The fifth story, “Lords And Ladies” (Impulse 4, June 1966) goes back in a way, to the first story, with Margaret (named Anne in the magazine edition), niece to Jesse Strange. Jesse, sadly, is dying and we follow Margaret as she befriends the son of a well-born family, before becoming disgraced by him, then having her own supernatural encounter – though less brutal than Rafe’s.

The final story, Corfe Gate (Impulse 5, July 1966) follows Margaret’s daughter, the Lady Eleanor, as she rebels against the Church. While leading this fight she also discovers that the Guild Of signallers have progressed further along another path than she had ever dreamed…

There follows a Coda, in which we learn the truth of the various otherworldly encounters the characters in this novel have had: that there was a plot to travel back in time and slow progress so that mankind could mature before progressing:

Did she oppress? Did she hang and burn? A little, yes. But there was no Belsen, no Buchenwald. No Passchendaele.

As an ending it feels a little glib, a little too much “ends justifying the means.” But it doesn’t take away from the power of the rest of the novel, or the wonderful ideas that it sheds like dog hair throughout the length of it.

I first read Pavane last century. I was amazed at the vivid writing, the strong characterizations and images that Roberts was able to exert upon his story. I also loved it for the relevance of one particular plot element.

Semaphores.

Semaphore stations were a technology coming into their own a couple of hundred years before I was born. Though quickly supplanted by the telegraph, it was an elegant form of communication that took a known system – communication by flags and beacons – and transformed it into something elegant and futuristic (for the time, obviously).

There were semaphore stations all across south-eastern Tasmania when I was growing up. No longer in use, of course, but their sleek masts and station houses were a reminder of a time gone by.

I used them as a technological development in my first novel, a telecommunication device favoured by my main character as he strove to transform the world that he found himself in unwillingly into something more familiar. Not long afterwards, Sir Terry Pratchett utilized a smarter version of it in The Fifth Elephant, the 24th Discworld novel, so I knew that it was definitely a good idea.

But I read Pavane while in the process of writing my own book and it became a small touchstone to me that, while my idea may not have been original, it was good enough that someone else had had it before me and used it in a thematically similar way that I wasn’t deliberately ripping off.

I recently developed a refreshed interest in the novel when I stumbled upon a big box of old SF magazines from the 1950s and 60s. It was mostly New Worlds and its sister magazine, Science Fantasy, which later became Impulse.

These magazines featured a lot of authors that I already loved, as well as a bunch of new ones that I have come to admire, not the least of which was the late and great Thomas Burnett Swann. But Keith Roberts was probably one of the major rediscoveries: these old magazines also featured the serialization of his wonderfully bonkers disaster novel The Furies, as well as a host of stories about the young witch Anita.

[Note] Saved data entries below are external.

(* Let \[P=\{x\in[0,2]^2 : x_1+10x_2\le 20,\ 10x_1+x_2\le 20\},\] \[P_L=\{(x,z)\in\mathbb{R}^2\times[0,1]^4 : x\in P,\ x_i=z_{i1}+2z_{i2}\text{ for } i=1,2\},\] \[P_{L+}=\{(x,z)\in\mathbb{R}^2\times[0,1]^4 : x\in P,\ x_i=z_{i1}+2z_{i2},\ z_{i1}+z_{i2}\le1\text{ for } i=1,2\},\] where all variables of $P_L$ and $P_{L+}$ (both $x$ and $z$) are integer variables. Then \[\operatorname{proj}_x\big(\mathrm{SC}(P_{L+})\big)\subsetneq \operatorname{proj}_x\big(\mathrm{SC}(P_L)\big).\]
   Context: For $X\subseteq\mathbb{R}^N$ with all coordinates integer, the split closure is $\mathrm{SC}(X)=\bigcap\mathrm{conv}(X\setminus S)$, the intersection over all split sets $S=\{y\in\mathbb{R}^N:\pi_0<\pi^Ty<\pi_0+1\}$ with $\pi\in\mathbb{Z}^N$, $\pi_0\in\mathbb{Z}$. $\operatorname{proj}_x$ is orthogonal projection onto the $x$-coordinates. *)

theory Defs
  imports "HOL-Analysis.Analysis"
begin

datatype coord = X1 | X2 | Z11 | Z12 | Z21 | Z22

lemma UNIV_coord: "(UNIV :: coord set) = {X1, X2, Z11, Z12, Z21, Z22}"
  using coord.exhaust by auto

instance coord :: finite
  by standard (simp add: UNIV_coord)

definition split_set :: "real ^ 'n \<Rightarrow> int \<Rightarrow> (real ^ 'n) set" where
  "split_set \<pi> \<pi>0 = {y. real_of_int \<pi>0 < \<pi> \<bullet> y \<and> \<pi> \<bullet> y < real_of_int \<pi>0 + 1}"

text \<open>Split closure, all coordinates being integer variables.\<close>
definition split_closure :: "(real ^ 'n::finite) set \<Rightarrow> (real ^ 'n) set" where
  "split_closure X = \<Inter> {convex hull (X - split_set \<pi> \<pi>0) | \<pi> \<pi>0. \<forall>i. \<pi> $ i \<in> \<int>}"

definition P :: "(real \<times> real) set" where
  "P = {(x1, x2). 0 \<le> x1 \<and> x1 \<le> 2 \<and> 0 \<le> x2 \<and> x2 \<le> 2 \<and>
                  x1 + 10 * x2 \<le> 20 \<and> 10 * x1 + x2 \<le> 20}"

definition in01 :: "real \<Rightarrow> bool" where
  "in01 t \<longleftrightarrow> 0 \<le> t \<and> t \<le> 1"

definition P_L :: "(real ^ coord) set" where
  "P_L = {v. (v $ X1, v $ X2) \<in> P \<and>
             in01 (v $ Z11) \<and> in01 (v $ Z12) \<and> in01 (v $ Z21) \<and> in01 (v $ Z22) \<and>
             v $ X1 = v $ Z11 + 2 * v $ Z12 \<and> v $ X2 = v $ Z21 + 2 * v $ Z22}"

definition P_Lplus :: "(real ^ coord) set" where
  "P_Lplus = {v. v \<in> P_L \<and> v $ Z11 + v $ Z12 \<le> 1 \<and> v $ Z21 + v $ Z22 \<le> 1}"

definition proj_x :: "real ^ coord \<Rightarrow> real \<times> real" where
  "proj_x v = (v $ X1, v $ X2)"

end

theory Submission
  imports Defs
begin

text \<open>
  The point \<open>(5/4, 5/4)\<close> separates the two projections.

  On \<open>P_Lplus\<close> the splits on \<open>z\<^sub>1\<^sub>1 + z\<^sub>1\<^sub>2 + z\<^sub>2\<^sub>2\<close> and on \<open>z\<^sub>1\<^sub>2 + z\<^sub>2\<^sub>1 + z\<^sub>2\<^sub>2\<close> with
  \<open>\<pi>\<^sub>0 = 1\<close> yield the cuts \<open>z\<^sub>1\<^sub>1 + z\<^sub>1\<^sub>2 + z\<^sub>2\<^sub>2 \<le> 1\<close> and \<open>z\<^sub>1\<^sub>2 + z\<^sub>2\<^sub>1 + z\<^sub>2\<^sub>2 \<le> 1\<close>,
  whose sum together with the lifting equations gives \<open>x\<^sub>1 + x\<^sub>2 \<le> 2\<close>.

  On \<open>P_L\<close> the lift of \<open>(5/4, 5/4)\<close> with \<open>z = (3/4, 1/4, 3/4, 1/4)\<close> survives every
  split. After substituting the lifting equations a split is given by an integer functional
  \<open>p\<^sub>1 z\<^sub>1\<^sub>1 + p\<^sub>2 z\<^sub>1\<^sub>2 + p\<^sub>3 z\<^sub>2\<^sub>1 + p\<^sub>4 z\<^sub>2\<^sub>2\<close>. If the split contains the point, a finite
  integer case analysis on \<open>p\<close> exhibits the point as a convex combination of lattice
  points of \<open>P_L\<close> and fractional points of \<open>P_L\<close> that lie outside the split.
\<close>

lemma convex_combination_in_convex_hull:
  fixes cs :: "(real \<times> 'a::real_vector) list"
  assumes "\<forall>c \<in> set (map fst cs). 0 \<le> c" "sum_list (map fst cs) = 1"
  shows "sum_list (map (\<lambda>(c, q). c *\<^sub>R q) cs) \<in> convex hull (snd ` set cs)"
proof -
  have "(\<Sum>i<length cs. fst (cs ! i) *\<^sub>R snd (cs ! i)) \<in> convex hull (snd ` set cs)"
  proof (rule convex_sum)
    show "(\<Sum>i<length cs. fst (cs ! i)) = 1"
      using assms(2) by (simp add: sum_list_sum_nth atLeast0LessThan)
    show "0 \<le> fst (cs ! i)" if "i \<in> {..<length cs}" for i
      using assms(1) that by simp
    show "snd (cs ! i) \<in> convex hull (snd ` set cs)" if "i \<in> {..<length cs}" for i
      using that by (intro hull_inc) simp
  qed simp_all
  also have "(\<Sum>i<length cs. fst (cs ! i) *\<^sub>R snd (cs ! i)) = sum_list (map (\<lambda>(c, q). c *\<^sub>R q) cs)"
    by (simp add: sum_list_sum_nth atLeast0LessThan case_prod_beta)
  finally show ?thesis .
qed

But it was the serialization of Pavane that intrigued me the most. Because the stories were published in a different order to what we eventually got in the book. The name change – Anne to Margaret – I can forgive because that doesn’t change much about the themes and central ideas… but the order of the stories was intriguing, especially since most of them were published in a magazine that Roberts had an editorial interest in. It’s intriguing to consider a version of the story where we meet Rafe and share his experiences of the otherworldly before being plunged into the more mundane world of Jesse Strange and his roadtrain. Likewise, with “The White Boat” being published last, given its hints at the world that Eleanor and her contemporaries live in, makes it a more fascinating – and possibly less ambiguous – conclusion to a wonderful set of stories.

What we have, though, is a wonderful story that deserves its reputation and fame – in any world.